I visited Lake Sunapee on a rainy day about six weeks after the storm and can attest to how normal the lake appeared on the surface. I was participating in a GLEON-organized field trip and used my smartphone to connect with the dashboard displaying buoy data on the LSPA website. It was immediately apparent how the temperature and dissolved oxygen in the lake were affected by the same autumn-like conditions I felt at the surface that day.
On Lillinonah, citizen scientists measured the levels of phosphorus before and after the storm. This nutrient is a particular concern in lakes because it contributes to algae blooms. “Phosphorus levels more than doubled after the storm,” Klug told me. She noted that some of the phosphorus eventually may have ended up further downstream, but some likely ended up being retained by the lake. Further complicating matters is a proliferation of zebra mussels in 2012. The tiny molluscs are particularly adept at filtering water and might explain why water quality measurements this past summer were some of the clearest on record. As a result, the group may never now what can be attributed to the storm. Although the lasting effects may be more difficult to determine, Klug said, “The main factor controlling this is the length of time water resides in the lake.” She believes this is why long-term monitoring programs are also important.
Another factor affecting the lakes was the timing of the storm. In the case of Irene, it was near the end of the summer season. Had the storm event occurred earlier in the year, it might have caused a major disruption to the biology of the lakes as well. Klug told me that Lillinonah didn’t have any algae blooms after the storm, in part because the turbid water reduced the amount of light available for aquatic plant growth. She also hypothesized that some of the algae was simply washed out of the lake during the storm.

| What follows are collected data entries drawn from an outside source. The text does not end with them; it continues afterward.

text \<open>
Closure under steps, relative to a set \<open>T\<close> absorbing the successors of the substituted formulas;
\<open>V\<close> bounds their free variables, which the binders of \<open>a\<close> must therefore not capture.
\<close>

lemma subst_clos_step:
  assumes "\<forall>y\<in>FV a. FV (\<sigma> y) \<subseteq> V" and "BV a \<inter> V = {}"
    and "\<forall>y\<in>FV a. \<forall>w. step (\<sigma> y) w \<longrightarrow> w \<in> T"
    and "\<rho> \<in> subst_clos a \<sigma>" and "step \<rho> w"
  shows "w \<in> subst_clos a \<sigma> \<union> T"
  using assms
proof (induction a arbitrary: \<sigma> T \<rho> w)
  case (Fix e x a)
  define F where "F = ssubst (Fix e x a) \<sigma>"
  have FV_F: "FV F \<subseteq> V"
    using FV_ssubst[of "Fix e x a" \<sigma>] Fix.prems(1) unfolding F_def by blast
  have unfold_F: "w' \<in> subst_clos (Fix e x a) \<sigma>" if "step F w'" for w'
  proof -
    have "w' = subst (ssubst a (\<sigma>(x := Var x))) F x"
      using that unfolding F_def by (auto elim: step.cases)
    also have "\<dots> = ssubst a (\<sigma>(x := F))"
      using Fix.prems(1,2) by (subst subst_ssubst) auto
    finally show ?thesis using ssubst_in_subst_clos[of a "\<sigma>(x := F)"] unfolding F_def by auto
  qed
  from Fix.prems(4) consider "\<rho> = F" | "\<rho> \<in> subst_clos a (\<sigma>(x := F))"
    unfolding F_def by auto
  then show ?case
  proof cases
    case 1
    then show ?thesis using unfold_F Fix.prems(5) by blast
  next
    case 2
    have "w \<in> subst_clos a (\<sigma>(x := F)) \<union> (T \<union> subst_clos (Fix e x a) \<sigma>)"
    proof (rule Fix.IH[OF _ _ _ 2 Fix.prems(5)])
      show "\<forall>y\<in>FV a. FV ((\<sigma>(x := F)) y) \<subseteq> V" using Fix.prems(1) FV_F by auto
      show "BV a \<inter> V = {}" using Fix.prems(2) by auto
      show "\<forall>y\<in>FV a. \<forall>w. step ((\<sigma>(x := F)) y) w \<longrightarrow> w \<in> T \<union> subst_clos (Fix e x a) \<sigma>"
        using Fix.prems(3) unfold_F by auto
    qed
    then show ?thesis unfolding F_def by auto
  qed
next
  case (And a b)
  have "\<rho> \<in> subst_clos a \<sigma> \<Longrightarrow> w \<in> subst_clos a \<sigma> \<union> T"
    and "\<rho> \<in> subst_clos b \<sigma> \<Longrightarrow> w \<in> subst_clos b \<sigma> \<union> T"
    using And.prems by (intro And.IH; auto)+
  with And.prems(4,5) show ?case by (auto elim: step.cases simp: ssubst_in_subst_clos)
next
  case (Or a b)
  have "\<rho> \<in> subst_clos a \<sigma> \<Longrightarrow> w \<in> subst_clos a \<sigma> \<union> T"
    and "\<rho> \<in> subst_clos b \<sigma> \<Longrightarrow> w \<in> subst_clos b \<sigma> \<union> T"
    using Or.prems by (intro Or.IH; auto)+
  with Or.prems(4,5) show ?case by (auto elim: step.cases simp: ssubst_in_subst_clos)
next
  case (Dia a)
  have "\<rho> \<in> subst_clos a \<sigma> \<Longrightarrow> w \<in> subst_clos a \<sigma> \<union> T"
    using Dia.prems by (intro Dia.IH) auto
  with Dia.prems(4,5) show ?case by (auto elim: step.cases simp: ssubst_in_subst_clos)
next
  case (Box a)
  have "\<rho> \<in> subst_clos a \<sigma> \<Longrightarrow> w \<in> subst_clos a \<sigma> \<union> T"
    using Box.prems by (intro Box.IH) auto
  with Box.prems(4,5) show ?case by (auto elim: step.cases simp: ssubst_in_subst_clos)
qed (auto elim: step.cases)

lemma Clos_subset_subst_clos:
  assumes "tidy \<phi>"
  shows "Clos \<phi> \<subseteq> subst_clos \<phi> Var"
proof
  fix \<psi> assume "\<psi> \<in> Clos \<phi>"
  then have "step\<^sup>*\<^sup>* \<phi> \<psi>" unfolding Clos_def by simp
  then show "\<psi> \<in> subst_clos \<phi> Var"
  proof (induction rule: rtranclp_induct)
    case base
    show ?case using ssubst_in_subst_clos[of \<phi> Var] by (simp add: ssubst_Var)
  next
    case (step \<rho> \<sigma>)
    have "\<sigma> \<in> subst_clos \<phi> Var \<union> {}"
      using assms step by (intro subst_clos_step[where V = "FV \<phi>"])
        (auto simp: tidy_def elim: step.cases)
    then show ?case by simp
  qed
qed

lemma finite_Clos: "tidy \<phi> \<Longrightarrow> finite (Clos \<phi>)"
  using Clos_subset_subst_clos finite_subst_clos by (rule finite_subset)

lemma trace_rtranclp:
  assumes "is_trace \<tau>" and "i \<le> j"
  shows "step\<^sup>*\<^sup>* (\<tau> i) (\<tau> j)"
  using assms(2)
proof (induction j rule: dec_induct)
  case (step k)
  then show ?case using assms(1) unfolding is_trace_def by (blast intro: rtranclp.rtrancl_into_rtrancl)
qed simp

lemma finite_range_trace: "is_trace \<tau> \<Longrightarrow> tidy (\<tau> 0) \<Longrightarrow> finite (range \<tau>)"
  by (rule finite_subset[OF _ finite_Clos]) (auto simp: Clos_def intro: trace_rtranclp)


section \<open>Closure order and alternating chains\<close>

lemma reach_in_free_occ: "reach_in \<psi> \<rho> \<sigma> \<Longrightarrow> free_occ \<psi> \<sigma>"
  unfolding reach_in_def free_sub_iff_free_occ[symmetric] by auto

definition free_step :: "'p fml \<Rightarrow> 'p fml \<Rightarrow> 'p fml \<Rightarrow> bool" where
  "free_step \<psi> \<rho> \<sigma> \<longleftrightarrow> step \<rho> \<sigma> \<and> free_occ \<psi> \<sigma>"

lemma reach_in_iff_rtranclp: "reach_in \<psi> \<rho> \<sigma> \<longleftrightarrow> free_occ \<psi> \<rho> \<and> (free_step \<psi>)\<^sup>*\<^sup>* \<rho> \<sigma>"
proof
  assume "reach_in \<psi> \<rho> \<sigma>"
  then obtain n f where f: "f 0 = \<rho>" "f n = \<sigma>" "\<forall>i<n. step (f i) (f (Suc i))"
    "\<forall>i\<le>n. free_occ \<psi> (f i)"
    unfolding reach_in_def free_sub_iff_free_occ by blast
  have "(free_step \<psi>)\<^sup>*\<^sup>* (f 0) (f k)" if "k \<le> n" for k
    using that f(3,4) by (induction k) (auto simp: free_step_def intro: rtranclp.rtrancl_into_rtrancl)
  then show "free_occ \<psi> \<rho> \<and> (free_step \<psi>)\<^sup>*\<^sup>* \<rho> \<sigma>" using f by auto
next
  assume "free_occ \<psi> \<rho> \<and> (free_step \<psi>)\<^sup>*\<^sup>* \<rho> \<sigma>"
  then have "(free_step \<psi>)\<^sup>*\<^sup>* \<rho> \<sigma>" and start: "free_occ \<psi> \<rho>" by auto
  then show "reach_in \<psi> \<rho> \<sigma>"
  proof (induction rule: rtranclp_induct)
    case base
    then show ?case unfolding reach_in_def free_sub_iff_free_occ by (intro exI[of _ 0]) auto
  next
    case (step \<sigma> \<theta>)
    then obtain n f where f: "f 0 = \<rho>" "f n = \<sigma>" "\<forall>i<n. step (f i) (f (Suc i))"
      "\<forall>i\<le>n. free_occ \<psi> (f i)"
      unfolding reach_in_def free_sub_iff_free_occ by blast
    with step.hyps(2) show ?case unfolding reach_in_def free_sub_iff_free_occ free_step_def
      by (intro exI[of _ "Suc n"] exI[of _ "f(Suc n := \<theta>)"]) (auto simp: less_Suc_eq le_Suc_eq)
  qed
qed

lemma reach_in_trans:
  assumes "reach_in \<xi> \<xi> \<psi>" and "reach_in \<psi> \<psi> \<phi>"
  shows "reach_in \<xi> \<xi> \<phi>"
proof -
  have "free_step \<psi> \<le> free_step \<xi>"
    using reach_in_free_occ[OF assms(1)] by (auto simp: free_step_def intro: free_occ_trans)
  with assms show ?thesis
    unfolding reach_in_iff_rtranclp by (blast intro: rtranclp_trans rtranclp_mono[THEN predicate2D])
qed

lemma reach_in_trace:
  assumes "is_trace \<tau>" and "m \<le> n" and "\<forall>k\<in>{m..n}. free_occ \<psi> (\<tau> k)"
  shows "reach_in \<psi> (\<tau> m) (\<tau> n)"
  unfolding reach_in_def free_sub_iff_free_occ
proof (intro exI conjI)
  show "\<forall>i<n - m. step (\<tau> (m + i)) (\<tau> (m + Suc i))" using assms(1) by (simp add: is_trace_def)
  show "\<forall>i\<le>n - m. free_occ \<psi> (\<tau> (m + i))" using assms(2,3) by simp
qed (use assms(2) in simp_all)

lemma clos_le_free_occ: "clos_le \<phi> \<psi> \<Longrightarrow> free_occ \<psi> \<phi>"
  unfolding clos_le_def using reach_in_free_occ by blast

lemma clos_less_size: "clos_less \<phi> \<psi> \<Longrightarrow> size \<psi> < size \<phi>"
  unfolding clos_less_def
  by (metis clos_le_free_occ free_occ_size free_occ_size_eq le_neq_implies_less)

lemma clos_less_trans: "clos_less \<phi> \<psi> \<Longrightarrow> clos_less \<psi> \<chi> \<Longrightarrow> clos_less \<phi> \<chi>"
  using clos_less_size clos_le_free_occ free_occ_size reach_in_trans
  unfolding clos_less_def clos_le_def by (metis less_le_not_le less_trans)

lemma alt_chain_singleton: "alt_chain [\<phi>] \<longleftrightarrow> is_fix \<phi> \<and> tidy \<phi>"
  unfolding alt_chain_def by auto

lemma alt_chain_Cons_Cons:
  "alt_chain (\<phi> # \<psi> # cs) \<longleftrightarrow>
     is_fix \<phi> \<and> tidy \<phi> \<and> clos_less \<phi> \<psi> \<and> fp_of \<psi> \<noteq> fp_of \<phi> \<and> alt_chain (\<psi> # cs)"
  unfolding alt_chain_def by (auto simp: All_less_Suc2)

lemma alt_chain_length_le_size: "alt_chain cs \<Longrightarrow> length cs \<le> size (hd cs)"
proof (induction cs rule: induct_list012)
  case (2 \<phi>)
  then show ?case by (cases \<phi>) (auto simp: alt_chain_singleton)
next
  case (3 \<phi> \<psi> cs)
  then show ?case by (auto simp: alt_chain_Cons_Cons dest: clos_less_size)
qed (simp add: alt_chain_def)

lemma finite_alt_chain_lengths: "finite {length cs | cs. alt_chain cs \<and> hd cs = \<xi>}"
  by (rule finite_subset[of _ "{..size \<xi>}"]) (auto dest: alt_chain_length_le_size)

lemma alt_chain_length_le_h_up: "alt_chain cs \<Longrightarrow> length cs \<le> h_up (hd cs)"
  unfolding h_up_def by (rule Max_ge[OF finite_alt_chain_lengths]) blast

lemma h_up_attained:
  assumes "is_fix \<xi>" and "tidy \<xi>"
  obtains cs where "alt_chain cs" and "hd cs = \<xi>" and "length cs = h_up \<xi>"
proof -
  have "alt_chain [\<xi>]" using assms by (simp add: alt_chain_singleton)
  then have "h_up \<xi> \<in> {length cs | cs. alt_chain cs \<and> hd cs = \<xi>}"
    unfolding h_up_def by (intro Max_in[OF finite_alt_chain_lengths]) force
  then show ?thesis using that by auto
qed

lemma h_up_clos_less:
  assumes "clos_less \<phi> \<xi>" and "is_fix \<phi>" and "tidy \<phi>" and "is_fix \<xi>" and "tidy \<xi>"
  shows "h_up \<xi> + (if fp_of \<phi> = fp_of \<xi> then 0 else 1) \<le> h_up \<phi>"
proof -
  txt \<open>Put \<open>\<phi>\<close> in front of a longest chain from \<open>\<xi>\<close>, in place of \<open>\<xi>\<close> if their types agree.\<close>
  obtain cs where cs: "alt_chain cs" "hd cs = \<xi>" "length cs = h_up \<xi>"
    using h_up_attained assms(4,5) .
  then obtain rest where cs_eq: "cs = \<xi> # rest" by (cases cs) (auto simp: alt_chain_def)
  show ?thesis
  proof (cases "fp_of \<phi> = fp_of \<xi>")
    case False
    then have "alt_chain (\<phi> # cs)" using assms cs cs_eq by (simp add: alt_chain_Cons_Cons)
    then show ?thesis using alt_chain_length_le_h_up[of "\<phi> # cs"] cs False by simp
  next
    case True
    have "alt_chain (\<phi> # rest)"
    proof (cases rest)
      case Nil
      then show ?thesis using assms by (simp add: alt_chain_singleton)
    next
      case (Cons \<psi> rest')
      then show ?thesis using assms cs cs_eq True clos_less_trans[OF assms(1)]
        by (auto simp: alt_chain_Cons_Cons)
    qed
    then show ?thesis using alt_chain_length_le_h_up[of "\<phi> # rest"] cs cs_eq True by simp
  qed
qed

“Unlike fallen trees, downed power lines, and coastal flooding, the effects of extreme storms on inland aquatic systems are less visible but no less real,” said Klug. She believes that it is all the more reason for lake groups to do what they can to protect the watershed. “The better the land is managed around the lake, the less unwanted material will wash into the lake during a storm event.”
Hurricane Sandy occurred much later in the season. Most of the lakes had already completed fall turnover. The monitoring buoys had been pulled for the winter earlier in the month. The lakes were spared the drenching rains this time, but as a result of the work by Klug and her colleagues, the people who care about these and other lakes will have a better understanding of what can be done to lessen the impact of the next storm that comes along.